Илья, попрощавшись в сенях с Николаем Кузьмичом, вышел в осеннюю непогодь, поёжился от мгновенно забравшегося ему под полушубок стылого ветра. Залез в кабину, бросил прощальный взгляд на светившееся во тьме окошко, вздохнул. Нехотя запустил двигатель, подождал с минуту, пока «дворники» расчищали стекло, и отправился в путь, ругая, на чём свет стоит начальство.
Приедет он на базу уже в первом часу ночи, какие срочные дела могут быть в такое время? Ох, напрасно он взял трубку, нужно было вовсе отключить телефон. Да только что теперь об этом!
Выехал на трассу и совсем скорость сбросил, как бы назло начальству. Ждёшь меня? Ничего, подождёшь, от тебя не убудет.

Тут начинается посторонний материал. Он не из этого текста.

lemma unimodular_log_derivative_imaginary:
  fixes f :: "real \<Rightarrow> complex"
  assumes "\<forall>s. norm (f s) = 1" "(f has_vector_derivative f') (at t)"
  shows "Re (f' / f t) = 0"
proof -
  have "((\<lambda>s. f s * cnj (f s)) has_vector_derivative f t * cnj f' + f' * cnj (f t)) (at t)"
    using assms(2) by (intro has_vector_derivative_mult has_vector_derivative_cnj)
  moreover have "((\<lambda>s. f s * cnj (f s)) has_vector_derivative 0) (at t)"
    using assms(1) by (simp flip: complex_norm_square)
  ultimately have "f t * cnj f' + f' * cnj (f t) = 0"
    by (rule vector_derivative_unique_at)
  then have "Re (f t * cnj f' + f' * cnj (f t)) = 0"
    by simp
  then have "Re (f' * cnj (f t)) = 0"
    by (simp add: algebra_simps)
  then show ?thesis
    using assms(1) by (simp add: complex_div_cnj[of f'] flip: complex_norm_square)
qed

section \<open>Perturbations of the maximally mixed state\<close>

lemma trace_scaleR: "trace (r *\<^sub>R A) = of_real r * trace (A :: complex^'n^'n)"
  by (simp add: trace_def sum_distrib_left scaleR_conv_of_real[where 'a=complex])

lemma norm_trace_mult3_le:
  fixes A B C :: "complex^'n^'n"
  shows "cmod (trace (A ** B ** C)) \<le> norm A * norm B * norm C"
  by (rule order_trans[OF norm_trace_mult_le mult_right_mono[OF norm_matrix_mult_le norm_ge_zero]])

lemma anticommutator_scaleR_id:
  fixes Y L :: "complex^'n^'n"
  shows "(a *\<^sub>R mat 1 + e *\<^sub>R Y) ** L + L ** (a *\<^sub>R mat 1 + e *\<^sub>R Y) = (2 * a) *\<^sub>R L + e *\<^sub>R (Y ** L + L ** Y)"
proof -
  have "(2 * a) *\<^sub>R L = a *\<^sub>R L + a *\<^sub>R L"
    by (simp only: mult_2 scaleR_add_left)
  then show ?thesis
    by (simp add: matrix_mult.add_left matrix_mult.add_right matrix_mult.scaleR_left
        matrix_mult.scaleR_right scaleR_add_right add_ac)
qed
(* Let $\mathcal{A}=(Q,\delta,I,F)$ be a complete Büchi automaton with $n=|Q|$ and let $\mathcal{B}_S$ be the automaton produced from $\mathcal{A}$ by Schewe's rank-based complementation construction (described in the context). For $x\in\{\mathit{di},\mathit{de},\mathit{di+de}\}$, let $\mathcal{B}_S^{\mathit{sat},x}$ be the saturated variant $\mathcal{B}_S^{\mathit{sat}}$ (described in the context) in which every occurrence of $Q_2$ is replaced by $Q_2^{x}$, where $Q_2^{\mathit{di}}=Q_2\setminus\{(S,O,f,i)\in Q_2\mid\exists p,q\in S: p\preceq_{\mathit{di}}q\wedge f(p)>f(q)\}$, $Q_2^{\mathit{de}}=Q_2\setminus\{(S,O,f,i)\in Q_2\mid\exists p,q\in S: p\preceq_{\mathit{de}}q\wedge f(p)>\lceil f(q)\rceil\}$, $Q_2^{\mathit{di+de}}=Q_2^{\mathit{di}}\cap Q_2^{\mathit{de}}$, and $\lceil x\rceil$ is the smallest even number $\ge x$. Then $\mathcal{L}(\mathcal{B}_S^{\mathit{sat},\mathit{di}})=\mathcal{L}(\mathcal{B}_S^{\mathit{sat},\mathit{de}})=\mathcal{L}(\mathcal{B}_S^{\mathit{sat},\mathit{di+de}})=\mathcal{L}(\mathcal{B}_S)$.
   Context: Fix a finite nonempty alphabet $\Sigma$. A Büchi automaton is $\mathcal{A}=(Q,\delta,I,F)$ with $\delta:Q\times\Sigma\to2^Q$, complete if $\delta(q,a)\ne\emptyset$ always; $\delta(P,a)=\bigcup_{p\in P}\delta(p,a)$. A run from $q$ on $\alpha=\alpha_0\alpha_1\cdots$ is $\rho$ with $\rho_0=q$, $\rho_{i+1}\in\delta(\rho_i,\alpha_i)$; accepting if some state of $F$ occurs infinitely often; $\mathcal{L}(\mathcal{A})$ is the set of words with an accepting run from an initial state. Simulations: in the game from $(p_0,r_0)$, in round $i$ Spoiler picks $p_i\xrightarrow{\alpha_i}p_{i+1}$ and Duplicator answers $r_i\xrightarrow{\alpha_i}r_{i+1}$; a Duplicator strategy is a map $\sigma$ with $\sigma(r,p\xrightarrow{a}p')\in\delta(r,a)$ (no lookahead). Duplicator wins the direct game if for all $i$, $p_i\in F\Rightarrow r_i\in F$, and the delayed game if for all $i$, $p_i\in F\Rightarrow\exists k\ge i: r_k\in F$. $p\preceq_{\mathit{di}}r$ (resp. $p\preceq_{\mathit{de}}r$) iff Duplicator has a winning strategy in the direct (resp. delayed) game from $(p,r)$. Schewe's construction. A ranking is $f:Q\to\{0,\dots,2n\}$ with $f(q)$ even for $q\in F$; $\mathrm{rank}(f)=\max_q f(q)$. $f$ is $S$-tight if $\mathrm{rank}(f)=r$ is odd, $\{f(s)\mid s\in S\}\supseteq\{1,3,\dots,r\}$ and $\{f(q)\mid q\notin S\}=\{0\}$; $\mathcal{T}$ is the set of $Q$-tight rankings. $\mathcal{B}_S=(Q',\delta',I',F')$: $Q'=Q_1\cup Q_2$, $Q_1=2^Q$, $Q_2=\{(S,O,f,i)\in 2^Q\times2^Q\times\mathcal{T}\times\{0,2,\dots,2n-2\}\mid f \text{ is } S\text{-tight},\ O\subseteq S\cap f^{-1}(i)\}$; $I'=\{I\}$; $\delta'=\delta_1\cup\delta_2\cup\delta_3$ with $\delta_1(S,a)=\{\delta(S,a)\}$; $\delta_2(S,a)=\{(S',\emptyset,f,0)\in Q_2\mid S'=\delta(S,a), f\text{ is } S'\text{-tight}\}$; $(S',O',f',i')\in\delta_3((S,O,f,i),a)$ iff $(S',O',f',i')\in Q_2$, $S'=\delta(S,a)$, $f'(q')\le f(q)$ for all $q\in S,q'\in\delta(q,a)$, $\mathrm{rank}(f)=\mathrm{rank}(f')$, $f'$ is $S'$-tight, and either ($O=\emptyset$, $i'=(i+2)\bmod(\mathrm{rank}(f')+1)$, $O'=f'^{-1}(i')$) or ($O\ne\emptyset$, $i'=i$, $O'=\delta(O,a)\cap f'^{-1}(i)$); $F'=\{\emptyset\}\cup\{(S,\emptyset,f,i)\in Q_2\}$. Saturated variant: with $\mathrm{str}(S)=\{q\in Q\mid\exists s\in S:q\preceq_{\mathit{de}}s\}$, $\mathcal{B}_S^{\mathit{sat}}$ has the same $Q'$, $I'$, $F'$ but transitions $\delta_1^{\mathit{sat}}(S,a)=\{\mathrm{str}(\delta(S,a))\}$; $\delta_2^{\mathit{sat}}(S,a)=\{(S',\emptyset,f,0)\in Q_2\mid S'=\mathrm{str}(\delta(S,a))\}$; $(S',O',f',i')\in\delta_3^{\mathit{sat}}((S,O,f,i),a)$ iff $(S',O',f',i')\in Q_2$, $S'=\mathrm{str}(\delta(S,a))$, $f'(q')\le f(q)$ for all $q\in S,q'\in\delta(q,a)$, $\mathrm{rank}(f)=\mathrm{rank}(f')$, and either ($O=\emptyset$, $i'=(i+2)\bmod(\mathrm{rank}(f')+1)$, $O'=f'^{-1}(i')$) or ($O\ne\emptyset$, $i'=i$, $O'=\delta(O,a)\cap f'^{-1}(i)$). *)

theory Defs
  imports Main
begin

Машина как-то странно себя вела, в чём заключалась эта странность, Илья пока определить не мог. Прислушивался – нет, не понятно, что она хочет. Ладно, механик на базе разберётся, что с ней не так. Но если сегодня встанет разговор о какой-то новой поездке – откажется наотрез. Куда ехать, на ночь-то глядя?

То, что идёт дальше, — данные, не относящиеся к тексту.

lemma not_Osg_if_log_elasticity_gt_one:
  assumes H1: "H1 n m" and "1 < c"
    and "eventually (\<lambda>r. c < ln r * ln (ln r) * (r * deriv m r / m r)) at_top"
  shows "\<not> Osg m"
proof -
  define Q where "Q r = ln r * ln (ln r) * (r * deriv m r / m r)" for r
  obtain R0 where R0: "\<And>r. R0 \<le> r \<Longrightarrow> c < Q r"
    using assms(3) unfolding eventually_at_top_linorder Q_def by blast
  have "2 \<le> exp (1::real)"
    using exp_ge_add_one_self[of 1] by simp
  define R where "R = max R0 (exp 1)"
  have "2 \<le> R"
    unfolding R_def using \<open>2 \<le> exp 1\<close> by linarith
  have R_pos: "1 < r" "0 \<le> ln (ln r)" "0 < m r" if "R \<le> r" for r
  proof -
    have "exp 1 \<le> r" "1 < r"
      using that \<open>2 \<le> R\<close> unfolding R_def by auto
    then show "1 < r" "0 \<le> ln (ln r)" "0 < m r"
      using H1_pos[OF H1] by (auto simp: ln_ge_iff)
  qed
  define g where "g r = (Q r - 1) / ((c - 1) * (r * ln r * m r))" for r
  have majorant: "1 / (r * ln r * m r) \<le> g r" if "R \<le> r" for r
  proof -
    have "0 < (c - 1) * (r * ln r * m r)"
      using R_pos[OF that] \<open>1 < c\<close> by simp
    moreover have "c - 1 \<le> Q r - 1"
      using R0[of r] that unfolding R_def by simp
    ultimately have "(c - 1) / ((c - 1) * (r * ln r * m r)) \<le> g r"
      unfolding g_def by (intro divide_right_mono) auto
    then show ?thesis
      using \<open>1 < c\<close> by simp
  qed
  have cont: "continuous_on {R..} g"
  proof -
    have "{R..} \<subseteq> {0<..}"
      using \<open>2 \<le> R\<close> by auto
    then show ?thesis
      unfolding g_def Q_def using \<open>1 < c\<close>
      by (intro continuous_intros continuous_on_subset[OF H1_continuous_on_deriv[OF H1]]
          continuous_on_subset[OF H1_continuous_on[OF H1]]) (auto dest: R_pos)
  qed
  have "(\<integral>\<^sup>+x\<in>{R..}. ennreal (g x) \<partial>lborel) < \<infinity>"
  proof (rule nn_integral_atLeast_finite_if_bounded_antiderivative[OF _ cont])
    fix r assume "R \<le> r"
    note pos = R_pos[OF this]
    show "((\<lambda>r. - ln (ln r) / ((c - 1) * m r)) has_real_derivative g r) (at r)"
      unfolding g_def Q_def using pos \<open>1 < c\<close>
      by (intro has_real_derivative_neg_ln_ln_div H1_has_derivative[OF H1]) auto
    show "0 \<le> g r"
      using majorant[OF \<open>R \<le> r\<close>] pos by (auto intro: order_trans[rotated])
    show "- ln (ln r) / ((c - 1) * m r) \<le> 0"
      using pos \<open>1 < c\<close> by (auto intro!: divide_nonpos_pos)
  qed
  then show ?thesis
    using H1_pos[OF H1] H1_mono[OF H1] by (intro not_Osg_if_majorant[OF _ _ \<open>2 \<le> R\<close> majorant cont]) auto
qed

lemma nondecreasing_if_deriv_elasticity_ge:
  fixes M P P' :: "real \<Rightarrow> real"
  assumes dM: "\<And>s. S \<le> s \<Longrightarrow> (M has_real_derivative P s) (at s)"
    and dP: "\<And>s. S \<le> s \<Longrightarrow> (P has_real_derivative P' s) (at s)"
    and elasticity: "\<And>s. S \<le> s \<Longrightarrow> (k - 1) * P s \<le> s * P' s"
    and "S \<le> s" "s \<le> t"
  shows "s * P s - k * M s \<le> t * P t - k * M t"
proof (rule DERIV_nonneg_imp_nondecreasing[OF \<open>s \<le> t\<close>])
  fix x assume "s \<le> x"
  then have "S \<le> x"
    using \<open>S \<le> s\<close> by simp
  have "((\<lambda>x. x * P x - k * M x) has_real_derivative P x + x * P' x - k * P x) (at x)"
    by (auto intro!: derivative_eq_intros dM dP \<open>S \<le> x\<close>)
  moreover have "0 \<le> P x + x * P' x - k * P x"
    using elasticity[OF \<open>S \<le> x\<close>] by (simp add: algebra_simps)
  ultimately show "\<exists>y. ((\<lambda>x. x * P x - k * M x) has_real_derivative y) (at x) \<and> 0 \<le> y"
    by blast
qed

И всё-таки что же с машиной? Может скоростёнки прибавить, поглядеть, как она себя поведёт. Прибавил, однако, не шибко. Дождь теперь уже со снегом лупил и лупил. Дорога была тяжёлая. Хорошо ещё, что машин почти не было. Кто ж в такую пору за руль-то сядет без нужды особой? Только такие как он подневольные люди. Видите ли дело срочное… Эх, мать его!
Проехал Краснознаменск и только притушил перед поворотом скорость, как в глаза ему брызнул резкий свет от фар встречной машины. Кто-то гнал, невзирая на мокрый асфальт. Илья ещё сбавил скорость, но тут встречная легковушка вдруг неожиданно завиляла из стороны в сторону и на полной скорости влетела в КамАЗ…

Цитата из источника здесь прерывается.